[Source records]
+++

(* Let $f,g:\mathbb{R}^d\to\mathbb{R}$ be measurable with $\exp(-g)\in L_1(\mathbb{R}^d)$, $\exp(-f)$ essentially bounded from above, and $\int\exp(-f(x)-g(x))\,\mathrm dx>0$. For $\eta>0$ define the probability densities $$\pi_\eta^X(x)\propto\int\exp\Big[-f(x)-g(y)-\frac{1}{2\eta}\|x-y\|_2^2\Big]\mathrm dy,\qquad \nu(x)\propto\exp[-f(x)-g(x)].$$ Then $\lim_{\eta\to0}\mathrm{TV}(\pi_\eta^X,\nu)=0$.
   Context: $\mathrm{TV}(\mu,\nu)=\frac12\|\mu-\nu\|_1$ for probability densities $\mu,\nu$. *)

theory Defs
  imports "HOL-Analysis.Analysis"
begin

definition piX_unnorm :: "('a::euclidean_space \<Rightarrow> real) \<Rightarrow> ('a \<Rightarrow> real) \<Rightarrow> real \<Rightarrow> 'a \<Rightarrow> real" where
  "piX_unnorm f g \<eta> x =
     (\<integral>y. exp (- f x - g y - (norm (x - y))\<^sup>2 / (2 * \<eta>)) \<partial>lborel)"

definition piX :: "('a::euclidean_space \<Rightarrow> real) \<Rightarrow> ('a \<Rightarrow> real) \<Rightarrow> real \<Rightarrow> 'a \<Rightarrow> real" where
  "piX f g \<eta> x = piX_unnorm f g \<eta> x / (\<integral>z. piX_unnorm f g \<eta> z \<partial>lborel)"

definition nu_dens :: "('a::euclidean_space \<Rightarrow> real) \<Rightarrow> ('a \<Rightarrow> real) \<Rightarrow> 'a \<Rightarrow> real" where
  "nu_dens f g x = exp (- f x - g x) / (\<integral>z. exp (- f z - g z) \<partial>lborel)"

definition TV :: "('a::euclidean_space \<Rightarrow> real) \<Rightarrow> ('a \<Rightarrow> real) \<Rightarrow> real" where
  "TV \<mu> \<nu> = (1/2) * (\<integral>x. \<bar>\<mu> x - \<nu> x\<bar> \<partial>lborel)"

+++

Exercise details.
In the entries above, find each line that has the word "densities". Copy it.

Task result.
(* Let $f,g:\mathbb{R}^d\to\mathbb{R}$ be measurable with $\exp(-g)\in L_1(\mathbb{R}^d)$, $\exp(-f)$ essentially bounded from above, and $\int\exp(-f(x)-g(x))\,\mathrm dx>0$. For $\eta>0$ define the probability densities $$\pi_\eta^X(x)\propto\int\exp\Big[-f(x)-g(y)-\frac{1}{2\eta}\|x-y\|_2^2\Big]\mathrm dy,\qquad \nu(x)\propto\exp[-f(x)-g(x)].$$ Then $\lim_{\eta\to0}\mathrm{TV}(\pi_\eta^X,\nu)=0$.
   Context: $\mathrm{TV}(\mu,\nu)=\frac12\|\mu-\nu\|_1$ for probability densities $\mu,\nu$. *)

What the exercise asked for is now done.